How to Distinguish Feigned from Genuine Depressive Symptoms: Response Patterns and Content Analysis of the SIMS Affective Disorder Scale

Participants

A total of 340 respondents participated in the study. The inclusion criteria were: (a) aged 18 years and older, (b) living in Italy, and (c) able to read questions on a computer monitor and understand the meaning of those questions. Data were collected over 15 days (i.e., November 16–30, 2020). The questionnaires were administered cross-sectionally on an online survey platform, which participants accessed via a designated link that was disseminated over email using convenience sampling. Nine participants were excluded because they did not understand the instructions (see the “Research Design” section) and 16 were excluded because they did not complete the questionnaires. The final sample consisted of 315 participants. All participants voluntarily responded anonymously, indicating their informed consent within. The procedures were clearly explained, and participants could interrupt or quit the study at any point without declaring their reasons for doing so. They did not receive any compensation for their participation. The experimental procedure was approved by the local ethics committee (Board of the Department of Human Neuroscience, Faculty of Medicine and Dentistry, Sapienza University of Rome), in accordance with the Declaration of Helsinki.

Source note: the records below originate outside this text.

lemma back_and_forth_moving_sequence:
  assumes GB: "G \<subseteq> Bij \<Omega>" and "g0 \<in> G" and "\<Sigma> \<subseteq> \<Omega>" and e: "range e \<subseteq> \<Omega>"
    and extend: "\<And>g C. g \<in> G \<Longrightarrow> finite C \<Longrightarrow> C \<subseteq> \<Omega> \<Longrightarrow>
      \<exists>g'\<in>G. \<exists>s\<in>\<Sigma> - C. g' s \<noteq> s \<and> (\<forall>x\<in>C. g' x = g x)"
  obtains f C where "\<And>n. f n \<in> G" "\<And>n. C n \<subseteq> \<Omega>" "\<And>n. C n \<subseteq> C (Suc n)"
    "\<And>n x. x \<in> C n \<Longrightarrow> f (Suc n) x = f n x"
    "\<And>n. \<exists>s\<in>\<Sigma> \<inter> (C (Suc n) - C n). f (Suc n) s \<noteq> s"
    "\<And>n. e n \<in> C (Suc n) \<inter> f (Suc n) ` C (Suc n)"
proof -
  define P where "P = (\<lambda>(_::nat) x. fst x \<in> G \<and> finite (snd x) \<and> snd x \<subseteq> \<Omega>)"
  define Q where "Q = (\<lambda>n x y. snd x \<subseteq> snd y \<and> (\<forall>z\<in>snd x. fst y z = fst x z)
    \<and> (\<exists>s\<in>\<Sigma> \<inter> (snd y - snd x). fst y s \<noteq> s) \<and> e n \<in> snd y \<inter> fst y ` snd y)"
  have "\<exists>seq. \<forall>n. P n (seq n) \<and> Q n (seq n) (seq (Suc n))"
  proof (rule dependent_nat_choice)
    show "\<exists>x. P 0 x"
      using \<open>g0 \<in> G\<close> by (auto simp: P_def)
  next
    fix x n
    assume "P n x"
    then obtain h D where x: "x = (h, D)" and "h \<in> G" "finite D" "D \<subseteq> \<Omega>"
      by (cases x) (auto simp: P_def)
    then obtain h' s where h': "h' \<in> G" "s \<in> \<Sigma> - D" "h' s \<noteq> s" "\<forall>x\<in>D. h' x = h x"
      using extend by blast
    have "e n \<in> \<Omega>"
      using e by blast
    moreover have "h' ` \<Omega> = \<Omega>"
      using GB h'(1) by (auto simp: Bij_def bij_betw_def)
    ultimately obtain y where "y \<in> \<Omega>" "h' y = e n"
      by (metis imageE)
    then have "P (Suc n) (h', D \<union> {s, e n, y}) \<and> Q n x (h', D \<union> {s, e n, y})"
      using x h' \<open>finite D\<close> \<open>D \<subseteq> \<Omega>\<close> \<open>\<Sigma> \<subseteq> \<Omega>\<close> \<open>e n \<in> \<Omega>\<close> by (auto simp: P_def Q_def)
    then show "\<exists>y. P (Suc n) y \<and> Q n x y" ..
  qed
  then obtain seq where P: "\<And>n. P n (seq n)" and Q: "\<And>n. Q n (seq n) (seq (Suc n))"
    by blast
  show thesis
  proof (rule that[of "\<lambda>n. fst (seq n)" "\<lambda>n. snd (seq n)"])
    show "fst (seq n) \<in> G" "snd (seq n) \<subseteq> \<Omega>" for n
      using P[of n] by (simp_all add: P_def)
    show "snd (seq n) \<subseteq> snd (seq (Suc n))"
      "\<exists>s\<in>\<Sigma> \<inter> (snd (seq (Suc n)) - snd (seq n)). fst (seq (Suc n)) s \<noteq> s"
      "e n \<in> snd (seq (Suc n)) \<inter> fst (seq (Suc n)) ` snd (seq (Suc n))" for n
      using Q[of n] by (simp_all add: Q_def)
    show "fst (seq (Suc n)) x = fst (seq n) x" if "x \<in> snd (seq n)" for n x
      using Q[of n] that by (simp add: Q_def)
  qed
qed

Participants were grouped into three subsamples: Honest [H], Simulators [S], and Honest with Depressive Symptoms [HDS]. The Honest group included 110 participants, aged 23–68 years (M = 37.30, SD = 12.52). Most were male (n = 66, 60.0%), Italian citizens (n = 105, 95.5%), and residents of central Italy (n = 70, 63.6%); 50 held a high school diploma (44.5%) and the majority were employees (n = 56, 50.9%) and unmarried (n = 71, 64.5%). The Simulators group was composed of 161 participants, aged 24–75 years (M = 36.30, SD = 11.87). Most were female (n = 90, 55.9%), Italian citizens (n = 160, 99.4%), and residents of central Italy (n = 105, 65.2%); 79 held a high school diploma (49.1%), 75 were employees (46.6%), and most were unmarried (n = 104, 64.6%). The Honest with Depressive Symptoms group comprised 44 participants, aged 25–64 years (M = 35.59, SD = 12.60). Most were female (n = 28, 63.6%), Italian citizens (n = 44, 100%), and residents of central Italy (n = 26, 59.1%); 20 held a high school diploma (45.5%), 16 were employees (36.4%), and most were unmarried (n = 32, 72.7%).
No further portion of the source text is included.